Scan the records below. Copy every line in which the word "lemma" appears.
___ Records provided
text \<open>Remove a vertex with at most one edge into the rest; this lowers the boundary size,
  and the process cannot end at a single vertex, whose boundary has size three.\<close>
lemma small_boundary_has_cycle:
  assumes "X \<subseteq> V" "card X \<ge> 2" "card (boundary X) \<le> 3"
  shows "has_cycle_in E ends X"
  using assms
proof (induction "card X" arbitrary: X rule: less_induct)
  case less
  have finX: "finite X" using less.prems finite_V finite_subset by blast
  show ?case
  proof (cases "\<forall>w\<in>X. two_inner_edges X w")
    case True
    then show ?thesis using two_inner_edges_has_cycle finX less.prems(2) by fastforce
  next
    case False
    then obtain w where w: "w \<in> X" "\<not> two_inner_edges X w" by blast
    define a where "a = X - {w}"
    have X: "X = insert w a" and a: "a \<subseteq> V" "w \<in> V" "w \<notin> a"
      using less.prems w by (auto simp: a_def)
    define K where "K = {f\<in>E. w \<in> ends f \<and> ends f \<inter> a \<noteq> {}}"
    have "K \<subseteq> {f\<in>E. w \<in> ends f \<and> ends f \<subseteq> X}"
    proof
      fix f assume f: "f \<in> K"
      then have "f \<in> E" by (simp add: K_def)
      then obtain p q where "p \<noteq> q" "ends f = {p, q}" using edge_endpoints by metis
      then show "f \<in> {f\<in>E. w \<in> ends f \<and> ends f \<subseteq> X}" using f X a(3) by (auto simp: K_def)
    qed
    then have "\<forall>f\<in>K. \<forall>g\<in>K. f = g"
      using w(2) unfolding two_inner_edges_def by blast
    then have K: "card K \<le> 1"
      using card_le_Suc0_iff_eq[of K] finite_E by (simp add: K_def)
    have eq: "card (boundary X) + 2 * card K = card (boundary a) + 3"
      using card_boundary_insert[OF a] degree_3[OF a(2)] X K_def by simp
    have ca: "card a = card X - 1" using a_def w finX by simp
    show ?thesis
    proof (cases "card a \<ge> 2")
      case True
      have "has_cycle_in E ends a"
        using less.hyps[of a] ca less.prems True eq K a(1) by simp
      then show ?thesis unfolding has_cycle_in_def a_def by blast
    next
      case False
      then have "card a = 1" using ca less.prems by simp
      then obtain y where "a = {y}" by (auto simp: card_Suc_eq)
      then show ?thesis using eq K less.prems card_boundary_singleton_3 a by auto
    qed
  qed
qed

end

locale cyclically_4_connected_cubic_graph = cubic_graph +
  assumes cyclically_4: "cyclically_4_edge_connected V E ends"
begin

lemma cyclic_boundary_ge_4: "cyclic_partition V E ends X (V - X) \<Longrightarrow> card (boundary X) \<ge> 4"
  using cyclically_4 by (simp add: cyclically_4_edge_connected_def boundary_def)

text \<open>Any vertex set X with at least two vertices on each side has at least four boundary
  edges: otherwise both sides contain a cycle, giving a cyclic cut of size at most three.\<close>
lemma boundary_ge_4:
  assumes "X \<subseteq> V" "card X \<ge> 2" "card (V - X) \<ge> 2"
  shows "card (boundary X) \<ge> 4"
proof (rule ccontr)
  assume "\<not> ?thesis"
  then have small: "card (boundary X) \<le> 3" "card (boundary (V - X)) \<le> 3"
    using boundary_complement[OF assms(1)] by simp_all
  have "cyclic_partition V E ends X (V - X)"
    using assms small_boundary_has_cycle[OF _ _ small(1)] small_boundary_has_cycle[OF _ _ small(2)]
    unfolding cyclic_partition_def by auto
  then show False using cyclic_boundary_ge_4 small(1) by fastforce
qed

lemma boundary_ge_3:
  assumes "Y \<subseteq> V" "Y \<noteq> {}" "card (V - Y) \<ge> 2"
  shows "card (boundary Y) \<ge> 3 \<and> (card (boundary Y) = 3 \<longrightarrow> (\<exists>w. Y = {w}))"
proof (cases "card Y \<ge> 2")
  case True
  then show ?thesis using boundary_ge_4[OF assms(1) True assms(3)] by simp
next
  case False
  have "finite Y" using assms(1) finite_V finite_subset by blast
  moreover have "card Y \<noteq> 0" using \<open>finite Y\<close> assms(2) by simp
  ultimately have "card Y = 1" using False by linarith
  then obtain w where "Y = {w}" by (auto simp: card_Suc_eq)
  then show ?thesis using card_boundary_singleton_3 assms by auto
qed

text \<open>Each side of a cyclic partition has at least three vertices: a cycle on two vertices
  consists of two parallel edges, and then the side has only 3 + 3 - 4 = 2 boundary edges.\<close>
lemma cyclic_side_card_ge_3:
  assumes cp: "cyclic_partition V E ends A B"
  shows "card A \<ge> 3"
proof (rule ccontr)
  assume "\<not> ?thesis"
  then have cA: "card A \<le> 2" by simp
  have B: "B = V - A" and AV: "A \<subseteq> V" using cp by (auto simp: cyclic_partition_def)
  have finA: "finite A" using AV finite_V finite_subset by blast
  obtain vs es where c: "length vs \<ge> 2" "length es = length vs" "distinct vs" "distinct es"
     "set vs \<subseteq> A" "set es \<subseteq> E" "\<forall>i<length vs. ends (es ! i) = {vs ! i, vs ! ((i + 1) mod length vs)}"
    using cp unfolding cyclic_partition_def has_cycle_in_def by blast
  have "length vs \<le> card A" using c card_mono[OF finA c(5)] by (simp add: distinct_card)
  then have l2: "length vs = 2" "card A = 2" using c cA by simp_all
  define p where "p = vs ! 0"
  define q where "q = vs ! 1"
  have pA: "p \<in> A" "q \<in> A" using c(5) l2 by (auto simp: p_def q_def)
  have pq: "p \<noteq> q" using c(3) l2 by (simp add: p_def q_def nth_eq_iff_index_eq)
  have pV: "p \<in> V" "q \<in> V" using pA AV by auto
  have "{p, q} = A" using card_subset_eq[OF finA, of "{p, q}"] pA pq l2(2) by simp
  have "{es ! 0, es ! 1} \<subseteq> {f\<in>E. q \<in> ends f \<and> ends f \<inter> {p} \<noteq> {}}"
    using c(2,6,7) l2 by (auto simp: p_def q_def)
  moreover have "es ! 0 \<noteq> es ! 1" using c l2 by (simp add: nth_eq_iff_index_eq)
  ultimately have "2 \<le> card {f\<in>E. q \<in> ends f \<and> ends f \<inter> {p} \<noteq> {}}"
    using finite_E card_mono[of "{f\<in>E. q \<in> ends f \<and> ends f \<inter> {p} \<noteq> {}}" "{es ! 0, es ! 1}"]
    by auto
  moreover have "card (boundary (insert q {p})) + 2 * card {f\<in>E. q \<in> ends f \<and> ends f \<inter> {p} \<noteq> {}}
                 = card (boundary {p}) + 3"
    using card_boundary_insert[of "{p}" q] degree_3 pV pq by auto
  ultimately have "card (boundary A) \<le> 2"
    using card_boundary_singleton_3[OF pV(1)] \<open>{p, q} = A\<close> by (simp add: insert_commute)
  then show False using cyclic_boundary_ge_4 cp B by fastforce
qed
______
* _Output below_
lemma small_boundary_has_cycle:
lemma cyclic_boundary_ge_4: "cyclic_partition V E ends X (V - X) \<Longrightarrow> card (boundary X) \<ge> 4"
lemma boundary_ge_4:
lemma boundary_ge_3:
lemma cyclic_side_card_ge_3:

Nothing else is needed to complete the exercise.